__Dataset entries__
text \<open>
  Given a fractional cover c, pick greedily a clique v_1, ..., v_r of G: each v_k with k < r is
  a vertex of degree at least \<delta> adjacent to v_1, ..., v_(k-1) and of minimal weight c among
  such vertices, and v_r is a common neighbour of v_1, ..., v_(r-1) of minimal weight. The degree
  conditions leave at least x n (l_k + ... + l_r) candidates at step k, all of weight at least
  c(v_k). Mapping colour class i of H to v_i is a homomorphism, so 1 \<le> \<Sum>_k l_k c(v_k);
  Abel summation against the tail sums l_k + ... + l_r and the layer-cake bound by the level
  sets of c then give x n \<le> \<Sum>_w c(w).
\<close>

lemma sum_mult_card_fibres:
  fixes c :: "'a \<Rightarrow> 'c::comm_semiring_1"
  assumes "finite A" "finite B" "h ` A \<subseteq> B"
  shows "(\<Sum>b\<in>B. c b * of_nat (card {a \<in> A. h a = b})) = (\<Sum>a\<in>A. c (h a))"
proof -
  have "(\<Sum>a\<in>A. c (h a)) = (\<Sum>b\<in>B. \<Sum>a\<in>{a \<in> A. h a = b}. c (h a))"
    using sum.group[OF assms(1,2,3), of "\<lambda>a. c (h a)"] by simp
  also have "\<dots> = (\<Sum>b\<in>B. c b * of_nat (card {a \<in> A. h a = b}))"
    by (rule sum.cong) (auto simp: mult.commute)
  finally show ?thesis by simp
qed

lemma card_eq_sum_card_fibres:
  fixes h :: "'a \<Rightarrow> nat"
  assumes "finite A" "h ` A \<subseteq> {1..r}"
  shows "card A = (\<Sum>k=1..r. card {a \<in> A. h a = k})"
  using sum_mult_card_fibres[where c="\<lambda>_. 1::nat", OF assms(1) finite_atLeastAtMost assms(2)] by simp

lemma sum_mult_eq_sum_diff_mult_tail_sums:
  fixes a l :: "nat \<Rightarrow> 'c::comm_ring"
  assumes "a 0 = 0"
  shows "(\<Sum>k=1..m. l k * a k) = (\<Sum>k=1..m. (a k - a (k - 1)) * (\<Sum>j=k..m. l j))"
proof (induction m)
  case 0
  then show ?case by simp
next
  case (Suc m)
  have tail: "(\<Sum>j=k..Suc m. l j) = (\<Sum>j=k..m. l j) + l (Suc m)" if "k \<le> Suc m" for k
    using that by simp
  have telescope: "(\<Sum>k=1..n. a k - a (k - 1)) = a n" for n
    by (induction n) (simp_all add: assms)
  have "(\<Sum>k=1..Suc m. (a k - a (k - 1)) * (\<Sum>j=k..Suc m. l j))
      = (\<Sum>k=1..m. (a k - a (k - 1)) * (\<Sum>j=k..m. l j))
        + (\<Sum>k=1..m. a k - a (k - 1)) * l (Suc m) + (a (Suc m) - a m) * l (Suc m)"
    by (simp add: tail distrib_left sum.distrib sum_distrib_right)
  also have "\<dots> = (\<Sum>k=1..Suc m. l k * a k)"
    by (simp only: Suc.IH[symmetric] telescope) (simp add: algebra_simps)
  finally show ?case by simp
qed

__What you have to do__
Transcribe, word for word, the data above from its first line through the line with "conditions leave at", and include nothing else.

__Result__
text \<open>
  Given a fractional cover c, pick greedily a clique v_1, ..., v_r of G: each v_k with k < r is
  a vertex of degree at least \<delta> adjacent to v_1, ..., v_(k-1) and of minimal weight c among
  such vertices, and v_r is a common neighbour of v_1, ..., v_(r-1) of minimal weight. The degree
  conditions leave at least x n (l_k + ... + l_r) candidates at step k, all of weight at least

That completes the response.